2. The hyperspectral and LiDAR data fusion classification method based on the AGLT network of claim 1, wherein the AGLT network comprises a hyperspectral image data processing branch and a LiDAR-DSM data processing branch, wherein:
in a hyperspectral image data processing branch, an input image sequentially passes through a three-dimensional normalization layer, a first activation function layer, a first three-dimensional convolution layer with a convolution kernel size of 1 multiplied by 3, a second three-dimensional convolution layer with a convolution kernel size of 1 multiplied by 3 multiplied by 1, a third three-dimensional convolution layer with a convolution kernel size of 3 multiplied by 1, a first two-dimensional normalization layer, a second activation function layer, a first two-dimensional convolution layer with a convolution kernel size of 3 multiplied by 1, a second two-dimensional convolution layer with a convolution kernel size of 1 multiplied by 3 and a first Bi-Former module;
in the LiDAR-DSM data processing branch, the input LiDAR-DSM data sequentially passes through a second two-dimensional normalization layer, a third activation function layer, a third two-dimensional convolution layer with a convolution kernel size of 3 multiplied by 1, a fourth two-dimensional convolution layer with a convolution kernel size of 1 multiplied by 3 and a second Bi-Former module;
and sending the output of the first Bi-Former module and the output of the second Bi-Former module into a cross attention layer together to obtain an output A and an output B, then enabling the output A to pass through a first MLP layer, enabling the output B to pass through a second MLP layer, and finally superposing the output of the first MLP layer and the output of the second MLP layer, wherein a superposition result is a final classification result.
3. The hyperspectral and laser radar data fusion classification method based on the AGLT network as described in claim 2, wherein the working principle of the Bi-Former module is as follows:
mapping an input image of the Bi-Former module into a vector sequence, embedding additional learning codes into the head of the vector sequence to obtain an overall sequence, embedding position codes into the overall sequence, and enabling the vector sequence after embedding the position codes to pass through an encoder submodule, wherein the output of the encoder submodule is used as the output of the Bi-Former module; and the encoder sub-module comprises N encoders;
the first encoder works on the principle that:
step one, a vector sequence after embedded position coding input by an encoder sub-module is input by a first encoder, and the vector sequence after embedded position coding is mapped into a query vector, a key vector and a value vector respectively;
step two, multi-head attention calculation is carried out on the query vector, the key vector and the value vector, and a multi-head attention calculation result is obtained;
thirdly, carrying out residual connection on the multi-head attention calculation result in the second step and the vector sequence after embedding the position codes, and normalizing the residual connection result;
step four, sending the normalization result of the step three into a Bi feedforward unit, carrying out residual connection on the output of the Bi feedforward unit and the normalization result of the step three, normalizing the residual connection result, and taking the normalization result as the output of the first encoder;
and taking the output of the first encoder as the input of the second encoder, and the like until the output of the N-th encoder is obtained, wherein the output of the N-th encoder is the output of the encoder submodule.

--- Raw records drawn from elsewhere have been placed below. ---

definition r_chain_in :: "'a::metric_space set \<Rightarrow> real \<Rightarrow> 'a list \<Rightarrow> bool" where
  "r_chain_in A r xs \<longleftrightarrow> xs \<noteq> [] \<and> set xs \<subseteq> A \<and>
     (\<forall>i. Suc i < length xs \<longrightarrow> dist (xs ! i) (xs ! Suc i) \<le> r)"

definition r_joined :: "'a::metric_space set \<Rightarrow> real \<Rightarrow> 'a \<Rightarrow> 'a \<Rightarrow> bool" where
  "r_joined A r x y \<longleftrightarrow> (\<exists>xs. r_chain_in A r xs \<and> hd xs = x \<and> last xs = y)"

definition r_component :: "'a::metric_space set \<Rightarrow> real \<Rightarrow> 'a \<Rightarrow> 'a set" where
  "r_component A r x = {y \<in> A. r_joined A r x y}"

definition r_components :: "'a::metric_space set \<Rightarrow> real \<Rightarrow> 'a set set" where
  "r_components A r = r_component A r ` A"

definition r_disjoint :: "'a::metric_space set set \<Rightarrow> real \<Rightarrow> bool" where
  "r_disjoint \<U> r \<longleftrightarrow> (\<forall>U\<in>\<U>. \<forall>V\<in>\<U>. U \<noteq> V \<longrightarrow> (\<forall>x\<in>U. \<forall>y\<in>V. r \<le> dist x y))"

definition dim_control_function :: "'a::metric_space set \<Rightarrow> nat \<Rightarrow> (real \<Rightarrow> real) \<Rightarrow> bool" where
  "dim_control_function X n D \<longleftrightarrow>
     (\<forall>r>0. 0 \<le> D r) \<and>
     (\<forall>r>0. \<exists>\<U> :: nat \<Rightarrow> 'a set set.
        (\<forall>i<Suc n. r_disjoint (\<U> i) r \<and> (\<forall>U\<in>\<U> i. U \<subseteq> X \<and> R_bounded U (D r))) \<and>
        X \<subseteq> (\<Union>i<Suc n. \<Union>(\<U> i)))"

definition asdim_le :: "'a::metric_space set \<Rightarrow> nat \<Rightarrow> bool" where
  "asdim_le X n \<longleftrightarrow> (\<exists>D. dim_control_function X n D)"

definition large_scale_uniform ::
  "('a::metric_space \<Rightarrow> 'b::metric_space) \<Rightarrow> (real \<Rightarrow> real) \<Rightarrow> bool" where
  "large_scale_uniform f c \<longleftrightarrow> (\<forall>r>0. 0 \<le> c r) \<and>
     (\<forall>r>0. \<forall>x y. dist x y \<le> r \<longrightarrow> dist (f x) (f y) \<le> c r)"

definition map_control_function ::
  "('a::metric_space \<Rightarrow> 'b::metric_space) \<Rightarrow> nat \<Rightarrow> nat \<Rightarrow> (real \<Rightarrow> real \<Rightarrow> real) \<Rightarrow> bool" where
  "map_control_function f m k D \<longleftrightarrow>
     (\<forall>r>0. \<forall>R>0. 0 \<le> D r R) \<and>
     (\<forall>r>0. \<forall>R>0. \<forall>A. R_bounded (f ` A) R \<longrightarrow>
        (\<exists>As :: nat \<Rightarrow> 'a set.
           A = (\<Union>i<k. As i) \<and>
           (\<forall>i<k. \<forall>C\<in>r_components (As i) r. R_bounded C (D r R)) \<and>
           (\<forall>x\<in>A. k - m \<le> card {i. i < k \<and> x \<in> As i})))"

definition linear_fun1 :: "(real \<Rightarrow> real) \<Rightarrow> bool" where
  "linear_fun1 D \<longleftrightarrow> (\<exists>c b. 0 \<le> b \<and> 0 \<le> c \<and> (\<forall>r>0. D r = c * r + b))"

definition dilation_fun1 :: "(real \<Rightarrow> real) \<Rightarrow> bool" where
  "dilation_fun1 D \<longleftrightarrow> (\<exists>c>0. \<forall>r>0. D r = c * r)"

definition linear_fun2 :: "(real \<Rightarrow> real \<Rightarrow> real) \<Rightarrow> bool" where
  "linear_fun2 D \<longleftrightarrow> (\<exists>a b c. 0 \<le> a \<and> 0 \<le> b \<and> 0 \<le> c \<and>
      (\<forall>r>0. \<forall>R>0. D r R = a * r + b * R + c))"

definition dilation_fun2 :: "(real \<Rightarrow> real \<Rightarrow> real) \<Rightarrow> bool" where
  "dilation_fun2 D \<longleftrightarrow> (\<exists>a b. 0 \<le> a \<and> 0 \<le> b \<and> (\<forall>r>0. \<forall>R>0. D r R = a * r + b * R))"

end

theory Submission
  imports Defs
begin

text \<open>Fix r > 0 and cover Y by n + 1 families, each S-disjoint for a separation S that is large
  compared with the image c_f(r) of an r-step. Build k = m + n + 1 colour classes of X in n + 1
  stages. At stage s the preimage of each member V of the s-th family is split by the
  (m,k)-control function into k pieces; colour c receives the c-th pieces and loses its old points
  lying in a thin shell around the family, at a radius depending on c. An r-chain cannot jump over
  a shell, so a new r-component of colour c either lies in an old one or stays close to a single
  piece, and the diameter bounds obey B(s+1) = D_f(B(s) + 2r, R) + 2 B(s) + 2r, where R bounds the
  diameters of the members of the families. Shells of distinct colours are disjoint, so a point
  loses at most one colour per stage, while a point of the preimage of the s-th family gains at
  least k - m = n + 1 colours at stage s; hence every point keeps a colour after the last stage.
  The r-components of the k colour classes are the required m + n + 1 families, and B(n+1) is
  built from c_f, D_Y and D_f by sums, nonnegative multiples and compositions, so it is linear, or
  a dilation, when they are.\<close>

section \<open>r-chains and r-components\<close>

definition r_step :: "'a::metric_space set \<Rightarrow> real \<Rightarrow> 'a \<Rightarrow> 'a \<Rightarrow> bool" where
  "r_step A r p q \<longleftrightarrow> p \<in> A \<and> q \<in> A \<and> dist p q \<le> r"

4. The hyperspectral and lidar data fusion classification method based on the AGLT network as described in claim 3, wherein the multi-head attention computing method is as follows:
step 1), respectively passing the query vector, the key vector and the value vector through the linear layer, then jointly transmitting the output of the query vector after passing through the linear layer, the output of the key vector after passing through the linear layer and the output of the value vector after passing through the linear layer into a first zoom dot product attention unit, jointly transmitting the output of the query vector after passing through the linear layer, the output of the key vector after passing through the linear layer and the output of the value vector after passing through the linear layer into a second zoom dot product attention unit, and jointly transmitting the output of the query vector after passing through the linear layer, the output of the key vector after passing through the linear layer and the output of the value vector after passing through the linear layer into a third zoom dot product attention unit;
splicing the outputs of the first zoom dot product attention unit, the second zoom dot product attention unit and the third zoom dot product attention unit to obtain a splicing result;
step 2), the splicing result is subjected to linear layer processing, and the output after the linear layer processing is the output of the multi-head attention.

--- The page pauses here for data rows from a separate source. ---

lemma jordan_chain_nth:
  assumes "jordan_chain g c" "i < length c"
  shows "(g - mat 1) *v (c ! i) = (if i = 0 then 0 else c ! (i - 1))"
  using assms unfolding jordan_chain_def by (simp add: matrix_vector_mult_diff_rdistrib)

lemma jordan_chain_image_subset:
  assumes "jordan_chain g c"
  shows "(*v) (g - mat 1) ` set c \<subseteq> insert 0 (set c)"
proof
  fix y assume "y \<in> (*v) (g - mat 1) ` set c"
  then obtain i where "i < length c" "y = (g - mat 1) *v (c ! i)"
    by (auto simp: in_set_conv_nth)
  then show "y \<in> insert 0 (set c)"
    using jordan_chain_nth[OF assms] by auto
qed

lemma jordan_chain_generated_by_last:
  assumes "jordan_chain g c" "c \<noteq> []"
  shows "set c \<subseteq> insert (last c) ((*v) (g - mat 1) ` set c)"
proof
  fix x assume "x \<in> set c"
  then obtain i where i: "i < length c" "x = c ! i"
    by (auto simp: in_set_conv_nth)
  show "x \<in> insert (last c) ((*v) (g - mat 1) ` set c)"
  proof (cases "Suc i < length c")
    case True
    then have "x = (g - mat 1) *v (c ! Suc i)"
      using jordan_chain_nth[OF assms(1)] i by simp
    then show ?thesis
      using True by auto
  next
    case False
    then have "i = length c - 1"
      using i(1) by simp
    then have "x = last c"
      using i(2) assms(2) by (simp add: last_conv_nth)
    then show ?thesis by simp
  qed
qed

5. The hyperspectral and lidar data fusion classification method based on the AGLT network as described in claim 4, wherein the calculation method of the first scaling dot product attention unit is as follows:
multiplying the output of the query vector after passing through the linear layer by the output of the key vector after passing through the linear layer, scaling the multiplied result, continuing to mask the scaled result, and finally enabling the masked result to pass through a Softmax activation function;
and multiplying the output of the Softmax activation function by the output of the value vector after the value vector passes through the linear layer to obtain the calculation result of the first scaling dot product attention unit.

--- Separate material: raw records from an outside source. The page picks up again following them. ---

(* Let $f=cM_0+\sum_{i=1}^dc_iM_i\in\mathbb C[U_1,\ldots,U_n]$, where $M_0=U_1^{k_1}\cdots U_n^{k_n}$ with $k_1\ge1$ and $k_1\ge k_i$ for $i=2,\ldots,n$; $c,c_1,\ldots,c_d\in\mathbb C$ with $c\ne0$; and $M_1,\ldots,M_d$ are monomials each divisible by $U_1^{k_1+1}$. Then there exists $m\ge1$ with $\mathcal L(f^m)\ne0$.
   Context: $\mathcal L:\mathbb C[U_1,\ldots,U_n]\to\mathbb C$ is the $\mathbb C$-linear map defined on monomials by $\mathcal L(U_1^{\ell_1}\cdots U_n^{\ell_n})=\ell_1!\cdots\ell_n!$. *)

theory Defs
  imports Complex_Main "HOL-Library.Poly_Mapping"
begin

text \<open>Polynomials in variables U_i (i :: nat) with complex coefficients are represented
as finitely supported maps from exponent vectors (nat =>0 nat) to coefficients.
The monomial U^a is Poly_Mapping.single a 1.\<close>

type_synonym cpoly = "(nat \<Rightarrow>\<^sub>0 nat) \<Rightarrow>\<^sub>0 complex"

definition Lfun :: "cpoly \<Rightarrow> complex" where
  "Lfun p = (\<Sum>a\<in>Poly_Mapping.keys p. Poly_Mapping.lookup p a * (\<Prod>i\<in>Poly_Mapping.keys a. of_nat (fact (Poly_Mapping.lookup a i))))"

end

theory Submission
  imports Defs "HOL-Number_Theory.Number_Theory" "HOL-Computational_Algebra.Fundamental_Theorem_Algebra"
begin

(* Write f = c M_0 + g and k = k_1.  Let R be the subring of the complex numbers
   generated by c and the c_i.  If q = m k + 1 is prime, then f^m = c^m M_0^m + G where every
   monomial of G has U_1-exponent at least q, so L(G) lies in q R, whereas
   L(c^m M_0^m) = c^m N with N a product of factorials of numbers below q, hence prime to q.
   Thus L(f^m) = 0 would make c^m divisible by q in R.  This is excluded for all but finitely
   many primes q: in a finitely generated subring of the complex numbers, only finitely many
   rational primes divide a power of a given nonzero element.  Since there are infinitely many
   primes q = 1 (mod k), some m satisfies L(f^m) \<noteq> 0. *)

section \<open>Subrings of the complex numbers and polynomials over them\<close>

definition is_subring :: "complex set \<Rightarrow> bool" where
  "is_subring R \<longleftrightarrow> 0 \<in> R \<and> 1 \<in> R \<and> (\<forall>x\<in>R. \<forall>y\<in>R. x + y \<in> R \<and> x * y \<in> R) \<and> (\<forall>x\<in>R. - x \<in> R)"

lemma subringD:
  assumes "is_subring R"
  shows subring_0: "0 \<in> R" and subring_1: "1 \<in> R"
    and subring_add: "x \<in> R \<Longrightarrow> y \<in> R \<Longrightarrow> x + y \<in> R"
    and subring_mult: "x \<in> R \<Longrightarrow> y \<in> R \<Longrightarrow> x * y \<in> R"
    and subring_uminus: "x \<in> R \<Longrightarrow> - x \<in> R"
    and subring_diff: "x \<in> R \<Longrightarrow> y \<in> R \<Longrightarrow> x - y \<in> R"
  using assms unfolding is_subring_def
  by (auto simp del: add_uminus_conv_diff simp add: diff_conv_add_uminus)

lemma subring_sum: "is_subring R \<Longrightarrow> (\<And>i. i \<in> A \<Longrightarrow> f i \<in> R) \<Longrightarrow> sum f A \<in> R"
  by (induction A rule: infinite_finite_induct) (auto intro: subringD)

lemma subring_power: "is_subring R \<Longrightarrow> x \<in> R \<Longrightarrow> x ^ n \<in> R"
  by (induction n) (auto intro: subringD)

lemma subring_of_nat: "is_subring R \<Longrightarrow> of_nat n \<in> R"
  by (induction n) (auto intro: subringD)

lemma subring_of_int: "is_subring R \<Longrightarrow> of_int z \<in> R"
  by (cases z rule: int_cases) (auto intro: subringD subring_of_nat)

lemma subring_Ints: "is_subring \<int>"
  unfolding is_subring_def by auto

definition poly_over :: "complex set \<Rightarrow> complex poly \<Rightarrow> bool" where
  "poly_over R P \<longleftrightarrow> (\<forall>n. coeff P n \<in> R)"

context
  fixes R :: "complex set"
  assumes R: "is_subring R"
begin

lemma poly_over_0: "poly_over R 0"
  and poly_over_1: "poly_over R 1"
  using R by (auto simp: poly_over_def coeff_1 intro: subringD)

lemma poly_over_const: "c \<in> R \<Longrightarrow> poly_over R [:c:]"
  using R by (auto simp: poly_over_def coeff_pCons split: nat.splits intro: subringD)

lemma poly_over_monom: "c \<in> R \<Longrightarrow> poly_over R (monom c n)"
  using R by (auto simp: poly_over_def coeff_monom intro: subringD)

lemma poly_over_add: "poly_over R P \<Longrightarrow> poly_over R Q \<Longrightarrow> poly_over R (P + Q)"
  and poly_over_diff: "poly_over R P \<Longrightarrow> poly_over R Q \<Longrightarrow> poly_over R (P - Q)"
  and poly_over_uminus: "poly_over R P \<Longrightarrow> poly_over R (- P)"
  and poly_over_smult: "c \<in> R \<Longrightarrow> poly_over R P \<Longrightarrow> poly_over R (smult c P)"
  using R by (auto simp: poly_over_def intro: subringD)

lemma poly_over_mult: "poly_over R P \<Longrightarrow> poly_over R Q \<Longrightarrow> poly_over R (P * Q)"
  using R unfolding poly_over_def coeff_mult by (auto intro!: subring_sum subringD)

lemma poly_over_power: "poly_over R P \<Longrightarrow> poly_over R (P ^ n)"
  by (induction n) (auto intro: poly_over_mult poly_over_1)

lemma poly_over_prod: "(\<And>i. i \<in> A \<Longrightarrow> poly_over R (f i)) \<Longrightarrow> poly_over R (prod f A)"
  by (induction A rule: infinite_finite_induct) (auto intro: poly_over_mult poly_over_1)

lemma poly_over_pderiv: "poly_over R P \<Longrightarrow> poly_over R (pderiv P)"
  using R by (auto simp: poly_over_def coeff_pderiv intro: subringD subring_of_nat)

lemma poly_over_poly: "poly_over R P \<Longrightarrow> x \<in> R \<Longrightarrow> poly P x \<in> R"
  using R unfolding poly_altdef poly_over_def by (auto intro!: subring_sum subringD subring_power)

lemma division_step:
  assumes F: "poly_over R F" and P: "poly_over R P" "P \<noteq> 0" "degree F \<le> degree P"
  shows "\<exists>M P'. poly_over R M \<and> poly_over R P' \<and> smult (lead_coeff F) P = P' + M * F
            \<and> (P' = 0 \<or> degree P' < degree P)"
proof -
  let ?M = "monom (lead_coeff P) (degree P - degree F)"
  define P' where "P' = smult (lead_coeff F) P - ?M * F"
  have M: "poly_over R ?M"
    using P(1) by (intro poly_over_monom) (simp add: poly_over_def)
  have P': "poly_over R P'"
    unfolding P'_def using P(1) F M by (intro poly_over_diff poly_over_smult poly_over_mult)
      (auto simp: poly_over_def)
  have "degree (?M * F) \<le> degree P"
    using P(2,3) by (intro order.trans[OF degree_mult_le]) (simp add: degree_monom_eq)
  then have deg_le: "degree P' \<le> degree P"
    unfolding P'_def by (intro degree_diff_le) (auto intro: order.trans[OF degree_smult_le])
  have "coeff (?M * F) (degree P) = lead_coeff P * lead_coeff F"
    using P(3) by (simp add: coeff_monom_mult)
  then have "coeff P' (degree P) = 0"
    by (simp add: P'_def mult.commute)
  with deg_le have "P' = 0 \<or> degree P' < degree P"
    by (metis le_neq_implies_less leading_coeff_0_iff)
  moreover have "smult (lead_coeff F) P = P' + ?M * F"
    unfolding P'_def by simp
  ultimately show ?thesis
    using M P' by blast
qed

6. The hyperspectral and lidar data fusion classification method based on the AGLT network as described in claim 5, wherein the working principle of the Bi feedforward unit is as follows:
the input of the Bi feedforward unit is sent to two parallel branches, wherein the first branch is a channel attention branch, the channel attention branch comprises a global subunit, a linear layer and a Sigmoid activation function layer, the second branch is a space attention branch, and the space attention branch comprises a local subunit, a linear layer and a Sigmoid activation function layer;
in the channel attention branch, the input of the Bi feedforward unit sequentially passes through the global subunit, the linear layer and the Sigmoid activation function layer to obtain an output X;
in the space attention branch, the input of the Bi feedforward unit firstly passes through the local subunit, then the output of the local subunit and the output of the global subunit are spliced, and the spliced result sequentially passes through the linear layer and the Sigmoid activation function layer of the space attention branch to obtain an output Y;
multiplying X and Y, and multiplying the multiplication result with the input of the Bi feedforward unit to obtain a final multiplication result, namely obtaining the output of the Bi feedforward unit.
7. The hyperspectral and lidar data fusion classification method based on the AGLT network as described in claim 6, wherein the global subunit comprises an average pooling layer, a linear layer and a GELU activation function layer; the local subunit comprises a linear layer and a GELU activation function layer.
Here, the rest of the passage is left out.